WorldForge: Unlocking Emergent 3D/4D Generation in Video Diffusion Model via Training-Free Guidance
This addresses the challenge of generating controllable and consistent 3D/4D content for applications in video generation and spatial intelligence, representing a novel method for a known bottleneck rather than an incremental improvement.
The paper tackles the problem of limited controllability and poor spatial-temporal consistency in video diffusion models by proposing WorldForge, a training-free framework that achieves state-of-the-art performance in trajectory adherence, geometric consistency, and perceptual quality.

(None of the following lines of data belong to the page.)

theorem corollary1:
  fixes J :: nat and m :: "nat \<Rightarrow> nat" and nb :: "nat \<Rightarrow> nat \<Rightarrow> nat"
    and h :: "nat \<Rightarrow> nat \<Rightarrow> nat \<Rightarrow> real" and tb :: "nat \<Rightarrow> real" and dt :: real
    and f f' F :: "real \<Rightarrow> real"
    and mreg sig fX K :: "real \<Rightarrow> real" and Ix :: "real set"
    and Mw dtau lmin lmax Mb s nu dK sK :: real
  defines "n \<equiv> \<lambda>k. real (ntot (m k) (nb k))"
  defines "tau \<equiv> \<lambda>k. tau_grid (m k) J dt (tb k)"
  defines "w \<equiv> \<lambda>k. omega_star f F (m k) J (nb k) (tau k) (h k)"
  assumes asymp: "filterlim n at_top sequentially"
    and J_pos: "J \<ge> 1" and m_pos: "\<forall>k. m k \<ge> 1"
    \<comment> \<open>(A1): distribution of epsilon: density f, CDF F, mean 0, variance 1\<close>
    and f_pos: "\<forall>x. f x > 0"
    and f_dens: "(f has_integral 1) UNIV"
    and F_cdf: "\<forall>x. (f has_integral F x) {..x}"
    and eps_mean: "((\<lambda>x. x * f x) has_integral 0) UNIV"
    and eps_var: "((\<lambda>x. x\<^sup>2 * f x) has_integral 1) UNIV"
    and f_deriv: "\<forall>x. (f has_real_derivative f' x) (at x)"
    and f'_cont: "continuous_on UNIV f'" and f'_bdd: "bounded (range f')"
    \<comment> \<open>(A1): regularity of f_X, m, sigma on an open I_x in [0,1]\<close>
    and Ix: "open Ix" "Ix \<subseteq> {0..1}"
    and fX_sig_pos: "\<forall>x\<in>Ix. fX x > 0 \<and> sig x > 0"
    and C2: "C2_on Ix fX" "C2_on Ix mreg" "C2_on Ix sig"
    \<comment> \<open>(A2): kernel\<close>
    and K_lip: "\<exists>L. L-lipschitz_on UNIV K"
    and K_nonneg: "\<forall>u. K u \<ge> 0"
    and K_supp: "\<exists>a. \<forall>u. \<bar>u\<bar> > a \<longrightarrow> K u = 0"
    and K_int: "(K has_integral 1) UNIV"
    and K_mom1: "((\<lambda>u. u * K u) has_integral 0) UNIV"
    and K_mom2: "(\<lambda>u. u\<^sup>2 * K u) integrable_on UNIV"
    and K_sq: "(\<lambda>u. (K u)\<^sup>2) integrable_on UNIV"
    and K_lower: "dK > 0" "sK > 0" "\<forall>u\<in>{-sK..sK}. K u \<ge> dK"
    \<comment> \<open>(A3)\<close>
    and A3_consts: "Mw > 0" "0 < dtau" "dtau < 1/2" "0 < lmin" "lmin < lmax"
    and A3_sum1: "\<forall>k. (\<Sum>i=1..m k. \<Sum>j=1..J. w k i j) = 1"
    and A3_sumq: "\<forall>k. (\<Sum>i=1..m k. \<Sum>j=1..J. w k i j * quantile F (tau k i j)) = 0"
    and A3_inf: "\<forall>k. \<forall>i\<in>{1..m k}. \<forall>j\<in>{1..J}. \<bar>w k i j\<bar> < Mw"
    and A3_tau: "\<forall>k. \<forall>i\<in>{1..m k}. \<forall>j\<in>{1..J}. dtau < tau k i j \<and> tau k i j < 1 - dtau"
    and A3_eig: "\<forall>k. \<forall>i\<in>{1..m k}. \<forall>l. eigenvalue (R1mat f F J (tau k i)) l
                    \<longrightarrow> lmin < l \<and> l < lmax"
    \<comment> \<open>(A4)\<close>
    and A4_consts: "Mb > 0" "2/3 < s" "s \<le> 1" "0 < nu" "nu < 3 - 2 / s"
    and A4_nb: "\<forall>k. \<forall>i\<in>{1..m k}.
                  Mb powr (-2) * n k powr s < real (nb k i) \<and> real (nb k i) < Mb\<^sup>2 * n k powr s"
    and h_pos: "\<forall>k i j. h k i j > 0"
    and A4_h: "\<exists>c C. 0 < c \<and> 0 < C \<and> (\<forall>\<^sub>F k in sequentially. \<forall>i\<in>{1..m k}. \<forall>j\<in>{1..J}.
                  c * n k powr (- s * nu) \<le> h k i j \<and> h k i j \<le> C * n k powr (- s * nu))"
    \<comment> \<open>choice of the centre of the quantile levels\<close>
    and dt_pos: "dt > 0"
    and tb_int: "\<forall>k. dtau \<le> tb k - dt / 2 \<and> tb k + dt / 2 \<le> 1 - dtau"
    and tb_choice:
      "(\<forall>k. (\<Sum>i=1..m k. \<Sum>j=1..J. quantile F (tau k i j)) = 0)
       \<or> (\<forall>k. stackv (m k) J (\<lambda>_ _. 1) \<bullet>
               (minv (Smat f F (m k) J (nb k) (tau k) (\<lambda>i j. real (nb k i) powr (- nu)))
                 *\<^sub>v stackv (m k) J (\<lambda>i j. quantile F (tau k i j))) = 0)"
  shows "(\<lambda>k. \<Sum>i=1..m k. \<Sum>j=1..J. \<bar>w k i j\<bar>) \<in> O[sequentially](\<lambda>k. 1)
       \<and> (\<lambda>k. \<Sum>i=1..m k. \<Sum>j=1..J. (w k i j)\<^sup>2) \<in> \<Theta>[sequentially](\<lambda>k. 1 / real (m k))"
proof -
  \<comment> \<open>The constraints of (A3) already make the weights feasible.\<close>
  have "continuous_on UNIV f"
    by (intro continuous_at_imp_continuous_on ballI) (use f_deriv DERIV_isCont in blast)
  then interpret positive_density f F
    using f_pos f_dens F_cdf by unfold_locales auto
  obtain a b fmin fmax where "a \<le> b" "0 < fmin"
    and bracket: "\<And>\<tau>. dtau < \<tau> \<Longrightarrow> \<tau> < 1 - dtau \<Longrightarrow> quantile F \<tau> \<in> {a..b} \<and> F (quantile F \<tau>) = \<tau>"
      "\<And>u. u \<in> {a..b} \<Longrightarrow> fmin \<le> f u \<and> f u \<le> fmax" "fmax-lipschitz_on {a..b} F"
    using quantile_bracket_regular[OF A3_consts(2)] by blast
  obtain c C where "0 < c" and bandwidth: "\<forall>\<^sub>F k in sequentially. \<forall>i\<in>{1..m k}. \<forall>j\<in>{1..J}.
      c * n k powr (- s * nu) \<le> h k i j \<and> h k i j \<le> C * n k powr (- s * nu)"
    using A4_h by blast
  have "\<forall>\<^sub>F k in sequentially. (\<Sum>i=1..m k. \<Sum>j=1..J. (w k i j)\<^sup>2) \<le>
      max 1 (4 * real J * C * Mb ^ 4 * fmax\<^sup>2 / (c * fmin\<^sup>2 * min dtau (dt / real J))
        * (1 + 16 * fmax\<^sup>2 * (max \<bar>a\<bar> \<bar>b\<bar>)\<^sup>2 / dt\<^sup>2)) / real (m k)"
    using bandwidth
  proof eventually_elim
    case (elim k)
    have "0 < n k"
      unfolding n_def of_nat_0_less_iff
      by (rule ntot_pos[where c = "Mb powr (-2)" and s = s]) (use A4_nb m_pos in \<open>auto simp: n_def\<close>)
    have sizes: "Mb powr (-2) * n k powr s \<le> real (nb k i)
        \<and> real (nb k i) \<le> Mb ^ 4 * (Mb powr (-2) * n k powr s)" if "i \<in> {1..m k}" for i
      using A4_nb that A4_consts(1) by (intro batch_size_bounds) auto
    show ?case
      unfolding w_def tau_def
      by (intro omega_star_sum_sq_bound[where \<rho> = "Mb ^ 4" and H = "n k powr (- s * nu)"
            and P = "Mb powr (-2) * n k powr s"] bracket elim[rule_format]
          sizes A3_sum1[rule_format, unfolded w_def tau_def]
          A3_sumq[rule_format, unfolded w_def tau_def] A3_tau[rule_format, unfolded tau_def])
        (use J_pos m_pos dt_pos A3_consts A4_consts(1) \<open>0 < n k\<close> \<open>0 < fmin\<close> \<open>a \<le> b\<close>
          \<open>0 < c\<close> in auto)
  qed
  then show ?thesis
    using weights_norm_asymptotics[OF J_pos] m_pos A3_sum1 by blast
qed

Recent video diffusion models show immense potential for spatial intelligence tasks due to their rich world priors, but this is undermined by limited controllability, poor spatial-temporal consistency, and entangled scene-camera dynamics. Existing solutions, such as model fine-tuning and warping-based repainting, struggle with scalability, generalization, and robustness against artifacts. To address this, we propose WorldForge, a training-free, inference-time framework composed of three tightly coupled modules. 1) Intra-Step Recursive Refinement injects fine-grained trajectory guidance at denoising steps through a recursive correction loop, ensuring motion remains aligned with the target path. 2) Flow-Gated Latent Fusion leverages optical flow similarity to decouple motion from appearance in the latent space and selectively inject trajectory guidance into motion-related channels. 3) Dual-Path Self-Corrective Guidance compares guided and unguided denoising paths to adaptively correct trajectory drift caused by noisy or misaligned structural signals. Together, these components inject fine-grained, trajectory-aligned guidance without training, achieving both accurate motion control and photorealistic content generation. Our framework is plug-and-play and model-agnostic, enabling broad applicability across various 3D/4D tasks. Extensive experiments demonstrate that our method achieves state-of-the-art performance in trajectory adherence, geometric consistency, and perceptual quality, outperforming both training-intensive and inference-only baselines.